Prefer `dom_parser()` / `sax_parser()` for new code — they perform a one-time
CPUID check and return either the AVX-512BW or the SWAR path; no `unsafe` is
required at the call site.

The `unsafe` low-level variants require a CPU with AVX-512BW support.  Calling
them on an unsupported CPU will trigger an illegal instruction fault.

## Conformance note

asmjson is slightly permissive: its classifier treats **any byte with value
`< 0x20`** (i.e. all C0 control characters) as whitespace, rather than
strictly the four characters the JSON specification allows (`0x09` HT, `0x0A`
LF, `0x0D` CR, `0x20` SP).  Well-formed JSON is parsed identically; input
that embeds bare control characters other than the four legal ones will be
accepted where a strict parser would reject it.
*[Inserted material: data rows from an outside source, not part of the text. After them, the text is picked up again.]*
(* Let $\mathcal{C}$ be a permutation class containing only finitely many simple permutations, and let $k$ be the length of the longest simple permutations in $\mathcal{C}$. Then every basis element of the substitution closure $\langle\mathcal{C}\rangle$ has length at most $k+2$.
   Context: A permutation $\pi$ contains $\sigma$ ($\sigma\le\pi$) if some subsequence of $\pi$ has the same relative order as $\sigma$. A permutation class is a downset under $\le$; its basis is the set of $\le$-minimal permutations not in the class. An interval of a permutation is a set of contiguous positions whose values form a contiguous set; a permutation of length $n$ is simple if its only intervals have sizes $0,1,n$. The inflation $\sigma[\alpha_1,\dots,\alpha_m]$ (for $\sigma$ of length $m$ and nonempty $\alpha_i$) replaces each entry $\sigma(i)$ by an interval order isomorphic to $\alpha_i$, arranged relative to one another as in $\sigma$. A class is substitution-closed if it contains $\sigma[\alpha_1,\dots,\alpha_m]$ whenever it contains $\sigma,\alpha_1,\dots,\alpha_m$; the substitution closure $\langle\mathcal{C}\rangle$ is the smallest substitution-closed class containing $\mathcal{C}$. *)

theory Defs
  imports Main
begin

text \<open>Permutations of length n are lists of naturals that are permutations of [0..<n]
  (one-line notation, 0-based values).\<close>
definition is_perm :: "nat list \<Rightarrow> bool" where
  "is_perm p \<longleftrightarrow> distinct p \<and> set p = {0..<length p}"

definition contains :: "nat list \<Rightarrow> nat list \<Rightarrow> bool" where
  "contains \<pi> \<sigma> \<longleftrightarrow>
     (\<exists>f. strict_mono_on {..<length \<sigma>} f \<and> (\<forall>i<length \<sigma>. f i < length \<pi>) \<and>
          (\<forall>i<length \<sigma>. \<forall>j<length \<sigma>. \<sigma>!i < \<sigma>!j \<longleftrightarrow> \<pi>!(f i) < \<pi>!(f j)))"
text \<open>The barycentric coordinates of the tetrahedron \<open>S\<close> are the affine functions on \<open>\<real>\<^sup>3\<close>
  that restrict to the Lagrange basis polynomials \<open>\<ell>\<^sub>j\<close> of the nodes along the moment curve \<open>T\<close>.
  A point lies in \<open>\<sigma>S\<close> iff all its barycentric coordinates are at least \<open>(1 - \<sigma>)/4\<close>, hence
  \<open>\<xi>(T(\<Omega>); S) = 1 + 4m\<close> with \<open>m = max\<^sub>j max\<^sub>\<Omega> (-\<ell>\<^sub>j)\<close>. On the other hand \<open>\<parallel>P\<parallel>\<close> is the
  maximum of the Lebesgue function \<open>\<Sum>\<^sub>j \<bar>\<ell>\<^sub>j\<bar>\<close>, which is \<open>1\<close> plus twice the negative part of
  the \<open>\<ell>\<^sub>j\<close> because they sum to \<open>1\<close>. For the regular nodes \<open>m\<close> is attained by \<open>\<ell>\<^sub>1\<close> at
  \<open>x = (1 + 2\<surd>7)/9\<close>, the only negative basis polynomial there, and nowhere do the negative
  parts add up to more than \<open>m\<close>; so \<open>\<parallel>P\<parallel> = 1 + 2m\<close>.\<close>

definition lagrange_basis :: "'a::field list \<Rightarrow> nat \<Rightarrow> 'a poly" where
  "lagrange_basis xs j =
     smult (inverse (\<Prod>i\<in>{..<length xs} - {j}. xs ! j - xs ! i))
       (\<Prod>i\<in>{..<length xs} - {j}. [:- (xs ! i), 1:])"

definition lagrange_interp :: "'a::field list \<Rightarrow> ('a \<Rightarrow> 'a) \<Rightarrow> 'a poly" where
  "lagrange_interp xs f = (\<Sum>j<length xs. smult (f (xs ! j)) (lagrange_basis xs j))"

definition lebesgue_function :: "'a::linordered_field list \<Rightarrow> 'a \<Rightarrow> 'a" where
  "lebesgue_function xs x = (\<Sum>j<length xs. \<bar>poly (lagrange_basis xs j) x\<bar>)"

lemma poly_lagrange_basis:
  "poly (lagrange_basis xs j) x =
     (\<Prod>i\<in>{..<length xs} - {j}. x - xs ! i) / (\<Prod>i\<in>{..<length xs} - {j}. xs ! j - xs ! i)"
  by (simp add: lagrange_basis_def poly_prod field_simps)

lemma degree_lagrange_basis:
  assumes "j < length xs"
  shows "degree (lagrange_basis xs j) < length xs"
proof -
  have "degree (lagrange_basis xs j) \<le> (\<Sum>i\<in>{..<length xs} - {j}. degree [:- (xs ! i), 1:])"
    unfolding lagrange_basis_def
    using degree_prod_sum_le[of "{..<length xs} - {j}" "\<lambda>i. [:- (xs ! i), 1:]"]
    by (simp add: o_def)
  also have "\<dots> = length xs - 1" using assms by simp
  finally show ?thesis using assms by linarith
qed

lemma poly_lagrange_basis_nth:
  assumes "distinct xs" "j < length xs" "k < length xs"
  shows "poly (lagrange_basis xs j) (xs ! k) = (if k = j then 1 else 0)"
proof (cases "k = j")
  case True
  have "(\<Prod>i\<in>{..<length xs} - {j}. xs ! j - xs ! i) \<noteq> 0"
    using assms by (simp add: nth_eq_iff_index_eq)
  then show ?thesis using True by (simp add: poly_lagrange_basis)
next
  case False
  then have "(\<Prod>i\<in>{..<length xs} - {j}. xs ! k - xs ! i) = 0"
    using assms by (intro prod_zero) auto
  then show ?thesis using False by (simp add: poly_lagrange_basis)
qed

lemma poly_lagrange_interp:
  "poly (lagrange_interp xs f) x = (\<Sum>j<length xs. f (xs ! j) * poly (lagrange_basis xs j) x)"
  by (simp add: lagrange_interp_def poly_sum)

lemma degree_lagrange_interp:
  assumes "xs \<noteq> []"
  shows "degree (lagrange_interp xs f) < length xs"
proof -
  have "degree (lagrange_interp xs f) \<le> length xs - 1"
    unfolding lagrange_interp_def
  proof (rule degree_sum_le)
    fix j assume "j \<in> {..<length xs}"
    then have "degree (lagrange_basis xs j) \<le> length xs - 1"
      using degree_lagrange_basis[of j xs] by simp
    then show "degree (smult (f (xs ! j)) (lagrange_basis xs j)) \<le> length xs - 1"
      using degree_smult_le order.trans by blast
  qed simp
  then show ?thesis using assms by (cases xs) auto
qed

lemma poly_lagrange_interp_nth:
  assumes "distinct xs" "k < length xs"
  shows "poly (lagrange_interp xs f) (xs ! k) = f (xs ! k)"
  using assms by (simp add: poly_lagrange_interp poly_lagrange_basis_nth if_distrib cong: if_cong)

lemma lagrange_interp_poly:
  fixes q :: "'a::field poly"
  assumes "distinct xs" "degree q < length xs"
  shows "lagrange_interp xs (poly q) = q"
proof (rule poly_eqI_degree[where A = "set xs"])
  show "poly (lagrange_interp xs (poly q)) x = poly q x" if "x \<in> set xs" for x
    using that assms(1) by (auto simp: in_set_conv_nth poly_lagrange_interp_nth)
  show "degree (lagrange_interp xs (poly q)) < card (set xs)"
    using assms degree_lagrange_interp[of xs] by (cases xs) (auto simp: distinct_card)
qed (use assms in \<open>simp add: distinct_card\<close>)

lemma sum_lagrange_basis_power:
  assumes "distinct xs" "k < length xs"
  shows "(\<Sum>j<length xs. (xs ! j) ^ k * poly (lagrange_basis xs j) x) = x ^ k"
  using arg_cong[OF lagrange_interp_poly[of xs "monom 1 k"], of "\<lambda>p. poly p x"] assms
  by (simp add: poly_lagrange_interp poly_monom degree_monom_eq)
lemma irreducible_herm_scalar:
  assumes irr: "irreducible_sys m d V" and d: "d \<ge> 1"
    and G: "G \<in> carrier_mat d d" and hG: "adj G = G"
    and comm: "\<And>i. i < m \<Longrightarrow> G * (adj (V i) * V i) = (adj (V i) * V i) * G"
  shows "\<exists>c. G = complex_of_real c \<cdot>\<^sub>m 1\<^sub>m d"
proof -
  have "G \<in> {A \<in> carrier_mat d d. \<forall>i<m. A * (adj (V i) * V i) = (adj (V i) * V i) * A}" using G comm by auto
  then obtain c where c: "G = c \<cdot>\<^sub>m 1\<^sub>m d" using irr unfolding irreducible_sys_def by auto
  have "(cnj c \<cdot>\<^sub>m 1\<^sub>m d) $$ (0,0) = (c \<cdot>\<^sub>m 1\<^sub>m d) $$ (0,0)" using hG unfolding c by (simp add: adj_smult)
  hence "cnj c = c" using d by simp
  hence "c = complex_of_real (Re c)" by (metis Reals_cnj_iff complex_is_Real_iff of_real_Re)
  with c show ?thesis by (intro exI[of _ "Re c"]) metis
qed

(* Local => tight: descent puts G = S - S^-3 into the commutant, irreducibility makes it a real
   scalar, the quartic argument makes S scalar, and the trace fixes the scalar. *)
lemma local_min_imp_tight:
  assumes V: "V \<in> Pv v m k d" and irr: "irreducible_sys m d V" and d: "d \<ge> 1"
    and lm: "local_min_FP v m k d V (can_dual m d V)"
  shows "RS_op m d V = complex_of_real ((\<Sum>i<m. (v i)\<^sup>2 * real (k i)) / real d) \<cdot>\<^sub>m 1\<^sub>m d"
proof -
  define S where "S = RS_op m d V"
  define T where "T = inv_cof S"
  have Sc: "S \<in> carrier_mat d d" and Tc: "T \<in> carrier_mat d d" unfolding S_def T_def by auto
  have hS: "adj S = S" unfolding S_def using RS_op_herm[OF Pv_system[OF V]] .
  have hT: "adj T = T" unfolding T_def S_def using RS_op_inv_herm[OF V] .
  have Gc: "S - T * T * T \<in> carrier_mat d d" using Sc Tc by (intro minus_carrier_mat) auto
  have "(S - T * T * T) * (adj (V i) * V i) = (adj (V i) * V i) * (S - T * T * T)" if "i < m" for i
    using descent[where G = "S - T * T * T", OF V that _ refl] lm unfolding S_def T_def by blast
  then obtain c where c: "S - T * T * T = complex_of_real c \<cdot>\<^sub>m 1\<^sub>m d"
    using irreducible_herm_scalar[OF irr d Gc herm_diff_cube[OF Sc Tc hS hT]] by blast
  have ST: "S * T = 1\<^sub>m d" unfolding T_def S_def using inv_cof(1)[OF RS_op_carrier Pv_det[OF V]] .
  have psd: "\<And>B. B \<in> carrier_mat d d \<Longrightarrow> Re (mtrace (adj B * S * B)) \<ge> 0"
    unfolding S_def by (rule RS_op_psd[OF Pv_system[OF V]])
  obtain r where r: "S = complex_of_real r \<cdot>\<^sub>m 1\<^sub>m d"
    using scalar_of_quartic[OF Sc hS psd stationary_quartic[OF Sc Tc ST c]] by blast
  have "mtrace S = complex_of_real r * of_nat d" unfolding r by (simp add: mtrace_smult[of _ d] mtrace_one)
  hence "complex_of_real (\<Sum>i<m. (v i)\<^sup>2 * real (k i)) = complex_of_real (r * real d)"
    using trace_RS_op_Pv[OF V] unfolding S_def by simp
  hence "(\<Sum>i<m. (v i)\<^sup>2 * real (k i)) = r * real d" by (simp only: of_real_eq_iff)
  hence "r = (\<Sum>i<m. (v i)\<^sup>2 * real (k i)) / real d" using d by (simp add: field_simps)
  thus ?thesis using r unfolding S_def by simp
qed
Additionally, asmjson does **not** scan string contents for unescaped control
characters (U+0000–U+001F), which the JSON specification forbids inside string
values.  If your use-case requires this check it can be performed as an extra
pass over the raw string bytes after parsing — for example, rejecting any
string whose raw byte span contains a byte `< 0x20`.

## License

MIT — see [LICENSE](https://github.com/atomicincrement/asmjson/blob/master/LICENSE).

For internals documentation (state machine annotation, register allocation,
design decisions) see [doc/dev.md](doc/dev.md).